Here, the time lags (for “post-precipitation” and “strong wind”) and time lead (for “calm & warm”) of 60 days, 7 days, and 7 days, were assumed for the three prerequisites, respectively, indicated by j in Eqs. (11)–(13). These time lags and time lead are slightly higher than those found for 2021 Uroglena bloom in Lake Geneva, i.e., ~6 weeks for heavy rainfall, ~4 days strong wind, and ~4 days for calm & warm conditions.

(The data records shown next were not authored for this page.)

lemma tnorm_sq_sigma_b:
  assumes "\<forall>k. l $ k \<noteq> (0::real)"
  shows "tnorm_sq (g_ell l) (\<lambda>x. \<mu> *\<^sub>R sigma_b b l x) x = \<mu>\<^sup>2 * (\<Sum>i\<in>UNIV. (b $ i)\<^sup>2)"
proof -
  have sum_if: "(\<Sum>k\<in>A. if P then f k else 0) = (if P then \<Sum>k\<in>A. f k else 0)"
    for P and A :: "'n set" and f :: "'n \<Rightarrow> real"
    by simp
  have "tnorm_sq (g_ell l) (\<lambda>x. \<mu> *\<^sub>R sigma_b b l x) x
      = (\<Sum>i\<in>UNIV. (inverse ((l $ i)\<^sup>2))\<^sup>2 * (\<mu> * (b $ i * (l $ i)\<^sup>2))\<^sup>2)"
    by (simp add: tnorm_sq_def ginv_g_ell[OF assms] sigma_b_def mult_if_zero power2_eq_square sum_if mult_ac cong: if_cong)
  also have "\<dots> = (\<Sum>i\<in>UNIV. \<mu>\<^sup>2 * (b $ i)\<^sup>2)"
    using assms by (intro sum.cong refl) (simp add: field_simps)
  finally show ?thesis by (simp add: sum_distrib_left)
qed

lemma deriv2_nonpos_at_max:
  fixes f f' :: "real \<Rightarrow> real"
  assumes f': "\<And>t. (f has_real_derivative f' t) (at t)"
    and f'': "(f' has_real_derivative D) (at a)"
    and max: "\<And>t. f t \<le> f a"
  shows "D \<le> 0"
proof (rule ccontr)
  assume "\<not> D \<le> 0"
  have "f' a = 0"
    by (rule DERIV_local_max[OF f', of 1]) (use max in auto)
  with f'' have "((\<lambda>h. f' (a + h) / h) \<longlongrightarrow> D) (at 0)"
    by (simp add: DERIV_def)
  then have "\<forall>\<^sub>F h in at 0. f' (a + h) / h > 0"
    using \<open>\<not> D \<le> 0\<close> by (intro order_tendstoD(1)) auto
  then obtain d where "d > 0" and d: "\<And>h. h \<noteq> 0 \<Longrightarrow> dist h 0 < d \<Longrightarrow> f' (a + h) / h > 0"
    unfolding eventually_at by blast
  obtain z where z: "a < z" "z < a + d/2" "f (a + d/2) - f a = (a + d/2 - a) * f' z"
    using MVT2[of a "a + d/2" f f'] \<open>d > 0\<close> f' by auto
  have "f' (a + (z - a)) / (z - a) > 0"
    using d[of "z - a"] z by (auto simp: dist_real_def)
  then have "f' z > 0" using z by (simp add: zero_less_divide_iff)
  then have "(a + d/2 - a) * f' z > 0" using \<open>d > 0\<close> by simp
  with z(3) max[of "a + d/2"] show False by linarith
qed

lemma deriv2_nonneg_at_min:
  fixes f f' :: "real \<Rightarrow> real"
  assumes "\<And>t. (f has_real_derivative f' t) (at t)"
    and "(f' has_real_derivative D) (at a)"
    and "\<And>t. f a \<le> f t"
  shows "D \<ge> 0"
  using deriv2_nonpos_at_max[of "\<lambda>t. - f t" "\<lambda>t. - f' t" "- D" a] assms
  by (auto intro: derivative_intros)

lemma torus_C2_has_derivative_along_axis:
  assumes "torus_C2 \<phi>"
  shows "((\<lambda>t. \<phi> (x + t *\<^sub>R axis i 1)) has_real_derivative partial i \<phi> (x + t *\<^sub>R axis i 1)) (at t)"
proof -
  let ?y = "x + t *\<^sub>R axis i 1"
  have "(\<lambda>s. \<phi> (?y + s *\<^sub>R axis i 1)) differentiable at 0"
    using assms by (simp add: torus_C2_def)
  then have "((\<lambda>s. \<phi> (?y + s *\<^sub>R axis i 1)) has_real_derivative partial i \<phi> ?y) (at (t + - t))"
    by (simp add: partial_def DERIV_deriv_iff_real_differentiable)
  then have "((\<lambda>s. \<phi> (?y + (s + - t) *\<^sub>R axis i 1)) has_real_derivative partial i \<phi> ?y) (at t)"
    by (simp only: DERIV_shift)
  then show ?thesis
    by (simp add: algebra_simps)
qed

lemma torus_C2_has_second_derivative_along_axis:
  assumes "torus_C2 \<phi>"
  shows "((\<lambda>t. partial i \<phi> (x + t *\<^sub>R axis i 1)) has_real_derivative partial i (partial i \<phi>) x) (at 0)"
  using assms
  by (simp add: torus_C2_def DERIV_deriv_iff_real_differentiable partial_def[of i "partial i \<phi>"])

This will give more flexibility to the statistical model, i.e., more days will be attributed with favorable prerequisites. Finally, the bloom occurrence conditional probability was estimated as follows:

$${P}^{n}\left({{{{{\rm{bloom}}}}}}\right)={\prod }_{i=1}^{3}{P}_{i}^{n}$$
(14)

An arbitrary threshold of >0.75 was employed as the significant probability of bloom occurrence. This relatively high value corresponds to a probability of at least 0.9 for each of three prerequisites. However, by mathematical definition, the lower the value of Pn (bloom), the less chance there is for the bloom occurrence.

Reporting summary

Further information on research design is available in the Nature Portfolio Reporting Summary linked to this article.